NATIONAL ASSOCIATION OF STATE UTILITY CONSUMER ADVOCATES
Requesting Congress to clarify applicable provisions of the Internal Revenue Code to provide that the normalization rules set forth therein are not violated when the benefits of unamortized investment tax credits and excess deferred income taxes are passed on to ratepayers due to the sale of generation property
WHEREAS, In 1986 Congress amended the Internal Revenue Code by lowering the corporate income tax rate, terminating investment tax credits on certain utility property and thereby creating a condition of over-recovery for deferred taxes and tax credits calculated under the prior income tax rates applicable to public utilities;
WHEREAS, prior to Congressional enactment of the Tax Reform Act of 1986 which accomplished these changes, the representatives of electric utilities argued that immediate recognition in utility rates of the excess deferred tax amounts and investment tax credits would constitute a financial hardship to the utilities and create cash flow difficulties;
WHEREAS, the representatives of the National Association of State Utility Consumer Advocates (NASUCA), the National Association of Regulatory Utility Commissioners (NARUC) and others argued that, to the contrary, ratepayers deserved full and immediate recognition of all tax credits associated with utility property in rates, prior to enactment of the1986 tax changes;
WHEREAS, the representatives of electric utilities asserted during this Congressional debate that, if ratepayer receipt of these tax benefits were to be delayed as proposed by the same electric utilities, ratepayers advocates could nonetheless count on the full amount of these deferred credits to be eventually returned to the benefits of ratepayers in future state and federal ratemaking proceedings;
WHEREAS, in 1997 and 1998 the states of Maine and Connecticut, respectively, enacted Electric Restructuring legislation providing for the divestiture of electric generating property that previously had been included in rate base for ratemaking purposes,
WHEREAS, numerous other states have subsequently adopted similar provisions providing for the divestiture of generating property by means of mandatory or voluntary sale, as a means for reducing the level of stranded costs which otherwise were eligible for recovery in rates from electric customers;
WHEREAS, in rent Private Letter Rulings involving utilities in Maine and Connecticut, the Internal Revenue Service has ruled against the flowthrough to ratepayers of any excess deferred income taxes or investment tax credits associated with generation property divested under a state restructuring statute; and
WHEREAS, these rulings are inconsistent with the statements of utility representatives that informed the Congressional debate prior to the enactment of the Tax Reform Act of 1986 and constitute a significant hardship to electric consumers who must pay for stranded costs associated with the same assets.

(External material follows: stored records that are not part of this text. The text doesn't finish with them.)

(* Let $\mathcal{D}=(\mathcal{P},\mathcal{L})$ be a $(G,2)$-point-transitive linear space, and let $\overline{\mathcal{D}}$ be its complement. Let $(\sigma,L)$ be an antiflag of $\mathcal{D}$ (so $\sigma\in\mathcal{P}\setminus L$, $L\in\mathcal{L}$) such that $\Omega=(\sigma,\mathcal{P}\setminus L)^G$ is a feasible $G$-orbit on the set of flags of $\overline{\mathcal{D}}$, and let $\Psi=((\sigma,\mathcal{P}\setminus L),(\tau,\mathcal{P}\setminus N))^G$ be a self-paired $G$-orbit on $\mathcal{C}(\overline{\mathcal{D}},\Omega)$. Then the $G$-flag graph $\Gamma=\Gamma(\overline{\mathcal{D}},\Omega,\Psi)$ has order $|\mathcal{P}|\cdot|L^{G_\sigma}|$ and valency $(|\mathcal{P}|-|L|-1)\cdot|N^{G_{\sigma,\tau,L}}|$. Moreover, there are exactly $|L^{G_{\sigma,\tau}}|$ vertices in $\Omega(\sigma)$ that have neighbours in $\Omega(\tau)$, and each of them has exactly $|N^{G_{\sigma,\tau,L}}|$ neighbours in $\Omega(\tau)$.
   Context: All groups are finite. A linear space is an incidence structure of points and lines (lines identified with point sets) in which each line has at least two points and any two points lie on exactly one line; it is $(G,2)$-point-transitive if $G$ acts as automorphisms, 2-transitively on points. The complement $\overline{\mathcal{D}}$ has point set $\mathcal{P}$ and blocks $\mathcal{P}\setminus L$, $L\in\mathcal{L}$. A flag of a design is a pair (point, block containing it); an antiflag is a pair (point, block not containing it). For a $G$-orbit $\Omega$ on flags and a point $\sigma$, $\Omega(\sigma)$ is the set of flags in $\Omega$ with point-entry $\sigma$. $\Omega$ is feasible if $|\Omega(\sigma)|\ge2$ for some (hence all) point $\sigma$ and, for some (hence all) flag $(\sigma,M)\in\Omega$, $G_{\sigma,M}$ (setwise stabilizer of $M$ in $G_\sigma$) is transitive on $M\setminus\{\sigma\}$. $\mathcal{C}(\overline{\mathcal{D}},\Omega)=\{((\sigma,M),(\tau,M'))\in\Omega\times\Omega:\sigma\ne\tau,\ \sigma,\tau\in M\cap M'\}$. A $G$-orbit $\Psi$ on it is self-paired if $((\sigma,M),(\tau,M'))\in\Psi$ implies $((\tau,M'),(\sigma,M))\in\Psi$. The $G$-flag graph $\Gamma(\overline{\mathcal{D}},\Omega,\Psi)$ has vertex set $\Omega$, with two flags adjacent iff the ordered pair lies in $\Psi$. $G_{\sigma,\tau}=G_\sigma\cap G_\tau$, and $G_{\sigma,\tau,L}$ is the setwise stabilizer of $L$ in $G_{\sigma,\tau}$; $X^K$ denotes the orbit of $X$ under $K$. *)

theory Defs
  imports "HOL-Algebra.Group_Action"
begin

definition linear_space :: "'a set \<Rightarrow> 'a set set \<Rightarrow> bool" where
  "linear_space P Ls \<longleftrightarrow>
     (\<forall>L\<in>Ls. L \<subseteq> P \<and> 2 \<le> card L) \<and>
     (\<forall>x\<in>P. \<forall>y\<in>P. x \<noteq> y \<longrightarrow> (\<exists>!L. L \<in> Ls \<and> x \<in> L \<and> y \<in> L))"

definition G2_point_transitive ::
  "('g, 'b) monoid_scheme \<Rightarrow> ('g \<Rightarrow> 'a \<Rightarrow> 'a) \<Rightarrow> 'a set \<Rightarrow> 'a set set \<Rightarrow> bool" where
  "G2_point_transitive G \<phi> P Ls \<longleftrightarrow>
     finite P \<and> finite (carrier G) \<and>
     linear_space P Ls \<and> group_action G P \<phi> \<and>
     (\<forall>g\<in>carrier G. \<forall>L\<in>Ls. \<phi> g ` L \<in> Ls) \<and>
     (\<forall>x\<in>P. \<forall>y\<in>P. \<forall>x'\<in>P. \<forall>y'\<in>P. x \<noteq> y \<longrightarrow> x' \<noteq> y' \<longrightarrow>
        (\<exists>g\<in>carrier G. \<phi> g x = x' \<and> \<phi> g y = y'))"

definition compl_blocks :: "'a set \<Rightarrow> 'a set set \<Rightarrow> 'a set set" where
  "compl_blocks P Ls = (\<lambda>L. P - L) ` Ls"

definition compl_flags :: "'a set \<Rightarrow> 'a set set \<Rightarrow> ('a \<times> 'a set) set" where
  "compl_flags P Ls = {(x, M). M \<in> compl_blocks P Ls \<and> x \<in> M}"

definition flag_act :: "('g \<Rightarrow> 'a \<Rightarrow> 'a) \<Rightarrow> 'g \<Rightarrow> 'a \<times> 'a set \<Rightarrow> 'a \<times> 'a set" where
  "flag_act \<phi> g f = (\<phi> g (fst f), \<phi> g ` snd f)"

definition flag_orbit :: "('g, 'b) monoid_scheme \<Rightarrow> ('g \<Rightarrow> 'a \<Rightarrow> 'a) \<Rightarrow> 'a \<times> 'a set
    \<Rightarrow> ('a \<times> 'a set) set" where
  "flag_orbit G \<phi> f = (\<lambda>g. flag_act \<phi> g f) ` carrier G"

definition flagpair_orbit :: "('g, 'b) monoid_scheme \<Rightarrow> ('g \<Rightarrow> 'a \<Rightarrow> 'a)
    \<Rightarrow> ('a \<times> 'a set) \<times> ('a \<times> 'a set) \<Rightarrow> (('a \<times> 'a set) \<times> ('a \<times> 'a set)) set" where
  "flagpair_orbit G \<phi> p = (\<lambda>g. (flag_act \<phi> g (fst p), flag_act \<phi> g (snd p))) ` carrier G"

definition set_orbit :: "('g \<Rightarrow> 'a \<Rightarrow> 'a) \<Rightarrow> 'g set \<Rightarrow> 'a set \<Rightarrow> 'a set set" where
  "set_orbit \<phi> H X = (\<lambda>g. \<phi> g ` X) ` H"

definition setwise_stab :: "('g \<Rightarrow> 'a \<Rightarrow> 'a) \<Rightarrow> 'g set \<Rightarrow> 'a set \<Rightarrow> 'g set" where
  "setwise_stab \<phi> H X = {g \<in> H. \<phi> g ` X = X}"

definition flags_at :: "('a \<times> 'a set) set \<Rightarrow> 'a \<Rightarrow> ('a \<times> 'a set) set" where
  "flags_at \<Omega> x = {f \<in> \<Omega>. fst f = x}"

definition feasible :: "('g, 'b) monoid_scheme \<Rightarrow> ('g \<Rightarrow> 'a \<Rightarrow> 'a) \<Rightarrow> 'a set
    \<Rightarrow> ('a \<times> 'a set) set \<Rightarrow> bool" where
  "feasible G \<phi> P \<Omega> \<longleftrightarrow>
     (\<exists>x\<in>P. 2 \<le> card (flags_at \<Omega> x)) \<and>
     (\<exists>(x, M)\<in>\<Omega>. \<forall>y\<in>M - {x}. \<forall>z\<in>M - {x}.
        \<exists>g\<in>setwise_stab \<phi> (stabilizer G \<phi> x) M. \<phi> g y = z)"

definition flag_C :: "('a \<times> 'a set) set \<Rightarrow> (('a \<times> 'a set) \<times> ('a \<times> 'a set)) set" where
  "flag_C \<Omega> = {((x, M), (y, M')). (x, M) \<in> \<Omega> \<and> (y, M') \<in> \<Omega> \<and> x \<noteq> y \<and>
                  x \<in> M \<inter> M' \<and> y \<in> M \<inter> M'}"

definition self_paired :: "('c \<times> 'c) set \<Rightarrow> bool" where
  "self_paired \<Psi> \<longleftrightarrow> (\<forall>u v. (u, v) \<in> \<Psi> \<longrightarrow> (v, u) \<in> \<Psi>)"

text \<open>The flag graph Gamma(Dbar, Omega, Psi) has vertex set Omega and adjacency
relation Psi; neighbourhood of a vertex:\<close>
definition nbrs :: "('c \<times> 'c) set \<Rightarrow> 'c \<Rightarrow> 'c set" where
  "nbrs \<Psi> v = {w. (v, w) \<in> \<Psi>}"

end

theory Submission
  imports Defs
begin

(* Everything is orbit counting. The flag (\<sigma>, P - L) has stabilizer K = G\<^sub>\<sigma>\<^sub>,\<^sub>L, so
   |\<Omega>| = |G : K| = |P| |G\<^sub>\<sigma> : K| = |P| |L^G\<^sub>\<sigma>|. The neighbours of a vertex g(\<sigma>, P - L) are the
   g-images of the K-orbit of (\<tau>, P - N); counting this orbit through its first entry gives
   |\<tau>^K| |N^K\<^sub>\<tau>|, where feasibility makes \<tau>^K = P - L - {\<sigma>} and K\<^sub>\<tau> = G\<^sub>\<sigma>\<^sub>,\<^sub>\<tau>\<^sub>,\<^sub>L.
   A vertex of \<Omega>(\<sigma>) has a neighbour in \<Omega>(\<tau>) exactly when it is h(\<sigma>, P - L) with
   h \<in> G\<^sub>\<sigma>\<^sub>,\<^sub>\<tau>, and its neighbours in \<Omega>(\<tau>) are then the h-images of the
   G\<^sub>\<sigma>\<^sub>,\<^sub>\<tau>\<^sub>,\<^sub>L-orbit of (\<tau>, P - N). *)

lemma card_Pair_image: "card (Pair a ` S) = card S"
  by (simp add: card_image inj_on_def)

lemma Diff_eq_Diff_iff: "\<lbrakk>A \<subseteq> C; B \<subseteq> C\<rbrakk> \<Longrightarrow> C - A = C - B \<longleftrightarrow> A = B"
  by blast

(* An action given by a map that is only meaningful on X; unlike group_action it needs no
   extensional restriction, so the induced actions on subsets and on flags are stated directly. *)
locale action_on = group G for G (structure) +
  fixes X :: "'x set" and A :: "'g \<Rightarrow> 'x \<Rightarrow> 'x"
  assumes act_closed: "\<lbrakk>g \<in> carrier G; x \<in> X\<rbrakk> \<Longrightarrow> A g x \<in> X"
    and act_mult: "\<lbrakk>g \<in> carrier G; h \<in> carrier G; x \<in> X\<rbrakk> \<Longrightarrow> A (g \<otimes> h) x = A g (A h x)"
    and act_one: "x \<in> X \<Longrightarrow> A \<one> x = x"
begin

lemma act_inv_act: "\<lbrakk>g \<in> carrier G; x \<in> X\<rbrakk> \<Longrightarrow> A (inv g) (A g x) = x"
  by (metis act_mult act_one inv_closed l_inv)

lemma act_act_inv: "\<lbrakk>g \<in> carrier G; x \<in> X\<rbrakk> \<Longrightarrow> A g (A (inv g) x) = x"
  by (metis act_inv_act inv_closed inv_inv)

lemma act_inj_iff: "\<lbrakk>g \<in> carrier G; x \<in> X; y \<in> X\<rbrakk> \<Longrightarrow> A g x = A g y \<longleftrightarrow> x = y"
  by (metis act_inv_act)

lemma inj_on_act: "g \<in> carrier G \<Longrightarrow> inj_on (A g) X"
  by (simp add: inj_on_def act_inj_iff)

lemma group_action_restrict: "group_action G X (\<lambda>g. restrict (A g) X)"
proof -
  have Bij: "restrict (A g) X \<in> Bij X" if g: "g \<in> carrier G" for g
  proof -
    have "bij_betw (A g) X X"
      by (rule bij_betwI[where g = "A (inv g)"])
        (simp_all add: g Pi_iff act_closed act_inv_act act_act_inv)
    then show ?thesis
      unfolding Bij_def by simp
  qed
  have mult: "restrict (A (g \<otimes> h)) X = compose X (restrict (A g) X) (restrict (A h) X)"
    if "g \<in> carrier G" "h \<in> carrier G" for g h
    using that by (simp add: compose_def act_mult act_closed cong: restrict_cong)
  show ?thesis
    unfolding group_action_def group_hom_def group_hom_axioms_def hom_def
    using Bij mult group_BijGroup by (simp add: is_group BijGroup_def)
qed

lemma subgroup_stabilizer_in:
  assumes "subgroup H G" "x \<in> X"
  shows "subgroup {h \<in> H. A h x = x} G"
proof -
  interpret group_action G X "\<lambda>g. restrict (A g) X" by (rule group_action_restrict)
  have "{h \<in> H. A h x = x} = H \<inter> stabilizer G (\<lambda>g. restrict (A g) X) x"
    using assms subgroup.subset by (fastforce simp: stabilizer_def)
  then show ?thesis
    using subgroups_Inter_pair assms stabilizer_subgroup by metis
qed

lemma card_orbit_mult_card_stabilizer:
  assumes "subgroup H G" "x \<in> X"
  shows "card ((\<lambda>h. A h x) ` H) * card {h \<in> H. A h x = x} = card H"
proof -
  interpret group_action G X "\<lambda>g. restrict (A g) X" by (rule group_action_restrict)
  interpret H: group_action "G\<lparr>carrier := H\<rparr>" X "\<lambda>g. restrict (A g) X"
    by (rule induced_action[OF assms(1)])
  show ?thesis
    using H.orbit_stabilizer_theorem[OF assms(2)] assms(2)
    by (simp add: orbit_def stabilizer_def order_def Setcompr_eq_image)
qed

lemma action_on_prod:
  assumes "action_on G Y B"
  shows "action_on G (X \<times> Y) (\<lambda>g p. (A g (fst p), B g (snd p)))"
proof -
  interpret B: action_on G Y B by (rule assms)
  show ?thesis
    by (intro action_on.intro action_on_axioms.intro is_group)
      (auto simp: act_closed act_mult act_one B.act_closed B.act_mult B.act_one)
qed

lemma card_orbit_pair:
  assumes B: "action_on G Y B" and K: "subgroup K G" "finite K" and xy: "x \<in> X" "y \<in> Y"
  shows "card ((\<lambda>k. (A k x, B k y)) ` K) =
    card ((\<lambda>k. A k x) ` K) * card ((\<lambda>k. B k y) ` {k \<in> K. A k x = x})"
proof -
  interpret B: action_on G Y B by (rule B)
  interpret AB: action_on G "X \<times> Y" "\<lambda>g p. (A g (fst p), B g (snd p))"
    by (rule action_on_prod[OF B])
  define Kx where "Kx = {k \<in> K. A k x = x}"
  define Kxy where "Kxy = {k \<in> Kx. B k y = y}"
  have orbit_xy: "card ((\<lambda>k. (A k x, B k y)) ` K) * card Kxy = card K"
    using AB.card_orbit_mult_card_stabilizer[OF K(1), of "(x, y)"] xy
    by (simp add: Kxy_def Kx_def conj_assoc)
  have orbit_x: "card ((\<lambda>k. A k x) ` K) * card Kx = card K"
    unfolding Kx_def by (rule card_orbit_mult_card_stabilizer[OF K(1) xy(1)])
  have orbit_y: "card ((\<lambda>k. B k y) ` Kx) * card Kxy = card Kx"
    unfolding Kxy_def
    by (rule B.card_orbit_mult_card_stabilizer[OF _ xy(2)])
      (unfold Kx_def, rule subgroup_stabilizer_in[OF K(1) xy(1)])
  have "card Kxy \<noteq> 0"
    using K xy subgroup.one_closed[OF K(1)] act_one B.act_one
    by (auto simp: Kxy_def Kx_def)
  moreover have "card ((\<lambda>k. (A k x, B k y)) ` K) * card Kxy =
      (card ((\<lambda>k. A k x) ` K) * card ((\<lambda>k. B k y) ` Kx)) * card Kxy"
    by (simp add: orbit_xy flip: orbit_x orbit_y mult.assoc)
  ultimately show ?thesis
    unfolding Kx_def by simp
qed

THEREFORE, BE IT RESOLVED, that the National Association of State Utility Consumer Advocates requests Congress to clarify applicable provisions of the Internal Revenue Code to provide that the benefits of unamortized investment tax credits and excess deferred income taxes are passed on to ratepayers due to the sale of generation property;
BE ALSO RESOLVED, THAT NASUCA may join with NARUC and other organizations vested with responsibility for the interests of utility consumers in seeking to argue jointly and in concert for such changes to federal law as override and reverse the Private Letter Rulings referred to above; and
BE IT FINALLY RESOLVED, that the Executive Committee of NASUCA is authorized to take all steps consistent with this Resolution in order to secure its implementation.